**WHAT TO WORK ON**
Look below for the line containing "matrix (frechet_derivative f"; from there through the line containing "update is the outer product of", both lines included, please set down each line exactly and nothing else.

--- GIVEN DATA Enclosed Below ---

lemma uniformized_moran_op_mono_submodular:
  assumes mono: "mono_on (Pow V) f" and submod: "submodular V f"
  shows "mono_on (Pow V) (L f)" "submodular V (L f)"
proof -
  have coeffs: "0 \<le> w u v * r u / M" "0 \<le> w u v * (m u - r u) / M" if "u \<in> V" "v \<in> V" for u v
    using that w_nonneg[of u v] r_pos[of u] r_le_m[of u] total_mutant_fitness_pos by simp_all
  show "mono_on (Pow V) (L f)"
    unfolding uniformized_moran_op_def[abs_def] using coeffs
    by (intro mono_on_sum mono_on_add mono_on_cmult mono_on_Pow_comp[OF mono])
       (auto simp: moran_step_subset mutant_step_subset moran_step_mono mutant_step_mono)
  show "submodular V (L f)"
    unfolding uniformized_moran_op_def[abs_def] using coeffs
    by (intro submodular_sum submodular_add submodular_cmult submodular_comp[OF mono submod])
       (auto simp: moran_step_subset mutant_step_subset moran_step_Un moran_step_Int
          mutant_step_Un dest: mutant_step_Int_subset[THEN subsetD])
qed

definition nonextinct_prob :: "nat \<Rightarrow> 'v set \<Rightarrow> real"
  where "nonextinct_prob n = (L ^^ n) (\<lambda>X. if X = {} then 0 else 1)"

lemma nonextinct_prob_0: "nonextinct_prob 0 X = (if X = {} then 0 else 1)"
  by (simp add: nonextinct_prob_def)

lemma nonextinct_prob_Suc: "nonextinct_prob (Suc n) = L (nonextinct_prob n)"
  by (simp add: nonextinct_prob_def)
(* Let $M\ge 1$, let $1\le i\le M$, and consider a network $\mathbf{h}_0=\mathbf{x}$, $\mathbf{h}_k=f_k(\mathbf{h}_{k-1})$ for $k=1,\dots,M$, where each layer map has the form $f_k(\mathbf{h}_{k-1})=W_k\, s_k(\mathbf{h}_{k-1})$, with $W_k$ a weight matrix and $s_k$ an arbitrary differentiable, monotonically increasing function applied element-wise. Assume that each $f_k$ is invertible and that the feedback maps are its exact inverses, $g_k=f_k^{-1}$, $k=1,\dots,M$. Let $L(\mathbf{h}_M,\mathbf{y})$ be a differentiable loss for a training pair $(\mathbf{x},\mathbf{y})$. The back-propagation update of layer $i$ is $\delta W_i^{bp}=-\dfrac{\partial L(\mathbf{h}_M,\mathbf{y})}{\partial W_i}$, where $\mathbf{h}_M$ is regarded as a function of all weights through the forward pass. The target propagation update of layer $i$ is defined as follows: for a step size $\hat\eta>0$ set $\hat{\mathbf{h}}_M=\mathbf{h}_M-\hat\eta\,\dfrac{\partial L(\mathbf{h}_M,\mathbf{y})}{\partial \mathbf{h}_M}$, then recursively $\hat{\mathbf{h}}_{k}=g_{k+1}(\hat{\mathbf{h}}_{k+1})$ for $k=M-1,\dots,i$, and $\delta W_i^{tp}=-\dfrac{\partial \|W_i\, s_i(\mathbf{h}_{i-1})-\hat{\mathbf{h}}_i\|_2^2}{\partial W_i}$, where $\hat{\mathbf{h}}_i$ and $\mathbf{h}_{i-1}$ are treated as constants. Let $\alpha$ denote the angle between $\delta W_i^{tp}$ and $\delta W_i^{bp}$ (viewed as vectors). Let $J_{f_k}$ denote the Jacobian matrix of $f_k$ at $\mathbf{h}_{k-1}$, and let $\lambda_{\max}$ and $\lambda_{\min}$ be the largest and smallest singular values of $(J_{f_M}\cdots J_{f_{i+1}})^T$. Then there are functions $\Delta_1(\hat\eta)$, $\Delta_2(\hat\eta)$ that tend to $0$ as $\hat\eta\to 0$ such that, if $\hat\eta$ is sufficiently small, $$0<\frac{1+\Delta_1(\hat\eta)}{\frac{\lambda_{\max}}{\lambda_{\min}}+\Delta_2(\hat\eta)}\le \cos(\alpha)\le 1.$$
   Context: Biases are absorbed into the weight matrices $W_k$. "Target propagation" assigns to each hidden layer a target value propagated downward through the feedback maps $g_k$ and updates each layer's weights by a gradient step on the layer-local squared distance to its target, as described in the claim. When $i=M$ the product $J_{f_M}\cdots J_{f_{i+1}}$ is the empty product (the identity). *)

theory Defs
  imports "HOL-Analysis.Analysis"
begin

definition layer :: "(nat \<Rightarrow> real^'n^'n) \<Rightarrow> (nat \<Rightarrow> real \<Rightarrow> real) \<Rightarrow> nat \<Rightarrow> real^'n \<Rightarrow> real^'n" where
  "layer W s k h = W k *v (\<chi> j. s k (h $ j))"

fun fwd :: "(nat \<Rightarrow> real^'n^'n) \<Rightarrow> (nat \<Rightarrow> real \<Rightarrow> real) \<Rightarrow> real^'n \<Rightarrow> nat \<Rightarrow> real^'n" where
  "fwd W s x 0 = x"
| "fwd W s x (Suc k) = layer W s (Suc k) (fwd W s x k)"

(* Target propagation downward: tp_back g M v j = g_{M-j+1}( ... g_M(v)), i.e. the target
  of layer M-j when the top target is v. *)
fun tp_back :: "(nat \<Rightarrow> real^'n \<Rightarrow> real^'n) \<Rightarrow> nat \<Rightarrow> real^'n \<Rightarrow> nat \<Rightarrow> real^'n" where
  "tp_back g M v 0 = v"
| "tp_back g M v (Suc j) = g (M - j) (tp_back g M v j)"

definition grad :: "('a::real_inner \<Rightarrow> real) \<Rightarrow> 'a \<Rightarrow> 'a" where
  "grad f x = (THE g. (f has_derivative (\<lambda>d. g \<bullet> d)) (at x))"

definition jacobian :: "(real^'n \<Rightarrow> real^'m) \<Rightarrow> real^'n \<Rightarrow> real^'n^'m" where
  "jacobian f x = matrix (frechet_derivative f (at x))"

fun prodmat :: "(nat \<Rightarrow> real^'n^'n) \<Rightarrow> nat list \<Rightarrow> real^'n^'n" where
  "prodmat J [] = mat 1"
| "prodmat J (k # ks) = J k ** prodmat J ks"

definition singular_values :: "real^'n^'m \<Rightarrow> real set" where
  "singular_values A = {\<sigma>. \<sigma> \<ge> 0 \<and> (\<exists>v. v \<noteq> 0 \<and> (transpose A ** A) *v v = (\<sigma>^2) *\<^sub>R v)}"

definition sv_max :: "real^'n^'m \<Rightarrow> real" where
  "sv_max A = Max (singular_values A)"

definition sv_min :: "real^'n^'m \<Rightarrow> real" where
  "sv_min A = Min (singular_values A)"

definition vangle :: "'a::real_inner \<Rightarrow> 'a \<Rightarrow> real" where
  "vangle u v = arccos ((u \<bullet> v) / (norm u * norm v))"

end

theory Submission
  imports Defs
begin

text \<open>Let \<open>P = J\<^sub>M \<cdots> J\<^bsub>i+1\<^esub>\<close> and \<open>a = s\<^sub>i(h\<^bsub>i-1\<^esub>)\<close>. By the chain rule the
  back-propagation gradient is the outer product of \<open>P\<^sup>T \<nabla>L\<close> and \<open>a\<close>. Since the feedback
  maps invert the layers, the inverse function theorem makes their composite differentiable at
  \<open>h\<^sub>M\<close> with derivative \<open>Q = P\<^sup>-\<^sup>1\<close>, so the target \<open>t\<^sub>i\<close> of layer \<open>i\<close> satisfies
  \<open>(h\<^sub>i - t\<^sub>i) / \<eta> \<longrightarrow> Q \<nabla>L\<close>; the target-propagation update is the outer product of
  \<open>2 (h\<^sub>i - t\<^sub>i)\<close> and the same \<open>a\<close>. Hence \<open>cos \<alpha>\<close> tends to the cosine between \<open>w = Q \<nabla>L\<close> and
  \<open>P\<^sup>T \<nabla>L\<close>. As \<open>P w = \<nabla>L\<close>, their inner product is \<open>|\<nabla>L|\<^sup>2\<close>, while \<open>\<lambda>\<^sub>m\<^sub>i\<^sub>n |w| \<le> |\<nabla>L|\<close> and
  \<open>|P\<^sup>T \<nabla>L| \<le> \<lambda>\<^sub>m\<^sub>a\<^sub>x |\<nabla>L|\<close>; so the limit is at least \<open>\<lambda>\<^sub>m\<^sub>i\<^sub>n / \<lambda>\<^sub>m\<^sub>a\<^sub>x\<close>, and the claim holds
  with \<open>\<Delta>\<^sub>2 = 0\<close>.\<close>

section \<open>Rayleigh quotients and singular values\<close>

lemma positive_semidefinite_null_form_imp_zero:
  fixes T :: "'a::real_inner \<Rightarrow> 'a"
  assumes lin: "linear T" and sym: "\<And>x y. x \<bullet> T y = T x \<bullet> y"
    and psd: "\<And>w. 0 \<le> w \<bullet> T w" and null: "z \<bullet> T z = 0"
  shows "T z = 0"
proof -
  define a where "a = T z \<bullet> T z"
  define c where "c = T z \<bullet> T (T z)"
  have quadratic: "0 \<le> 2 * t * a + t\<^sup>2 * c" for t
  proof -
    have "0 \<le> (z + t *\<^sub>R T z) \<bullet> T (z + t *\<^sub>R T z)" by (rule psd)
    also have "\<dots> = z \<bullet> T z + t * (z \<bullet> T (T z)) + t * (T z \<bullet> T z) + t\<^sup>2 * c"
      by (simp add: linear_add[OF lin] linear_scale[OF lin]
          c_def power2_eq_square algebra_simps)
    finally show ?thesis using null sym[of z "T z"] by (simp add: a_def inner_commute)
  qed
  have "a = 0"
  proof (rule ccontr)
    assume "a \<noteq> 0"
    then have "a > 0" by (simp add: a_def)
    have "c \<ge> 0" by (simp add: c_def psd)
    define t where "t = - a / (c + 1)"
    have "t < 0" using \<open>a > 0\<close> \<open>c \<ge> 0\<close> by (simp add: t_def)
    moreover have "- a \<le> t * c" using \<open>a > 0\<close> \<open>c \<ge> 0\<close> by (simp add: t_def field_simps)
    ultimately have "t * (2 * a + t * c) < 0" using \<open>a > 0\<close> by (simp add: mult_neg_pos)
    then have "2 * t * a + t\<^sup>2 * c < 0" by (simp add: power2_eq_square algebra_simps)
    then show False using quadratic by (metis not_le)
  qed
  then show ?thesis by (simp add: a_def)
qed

--- End of Enclosed GIVEN DATA ---

**YOUR SOLUTION**
  "jacobian f x = matrix (frechet_derivative f (at x))"

fun prodmat :: "(nat \<Rightarrow> real^'n^'n) \<Rightarrow> nat list \<Rightarrow> real^'n^'n" where
  "prodmat J [] = mat 1"
| "prodmat J (k # ks) = J k ** prodmat J ks"

definition singular_values :: "real^'n^'m \<Rightarrow> real set" where
  "singular_values A = {\<sigma>. \<sigma> \<ge> 0 \<and> (\<exists>v. v \<noteq> 0 \<and> (transpose A ** A) *v v = (\<sigma>^2) *\<^sub>R v)}"

definition sv_max :: "real^'n^'m \<Rightarrow> real" where
  "sv_max A = Max (singular_values A)"

definition sv_min :: "real^'n^'m \<Rightarrow> real" where
  "sv_min A = Min (singular_values A)"

definition vangle :: "'a::real_inner \<Rightarrow> 'a \<Rightarrow> real" where
  "vangle u v = arccos ((u \<bullet> v) / (norm u * norm v))"

end

theory Submission
  imports Defs
begin

text \<open>Let \<open>P = J\<^sub>M \<cdots> J\<^bsub>i+1\<^esub>\<close> and \<open>a = s\<^sub>i(h\<^bsub>i-1\<^esub>)\<close>. By the chain rule the
  back-propagation gradient is the outer product of \<open>P\<^sup>T \<nabla>L\<close> and \<open>a\<close>. Since the feedback
  maps invert the layers, the inverse function theorem makes their composite differentiable at
  \<open>h\<^sub>M\<close> with derivative \<open>Q = P\<^sup>-\<^sup>1\<close>, so the target \<open>t\<^sub>i\<close> of layer \<open>i\<close> satisfies
  \<open>(h\<^sub>i - t\<^sub>i) / \<eta> \<longrightarrow> Q \<nabla>L\<close>; the target-propagation update is the outer product of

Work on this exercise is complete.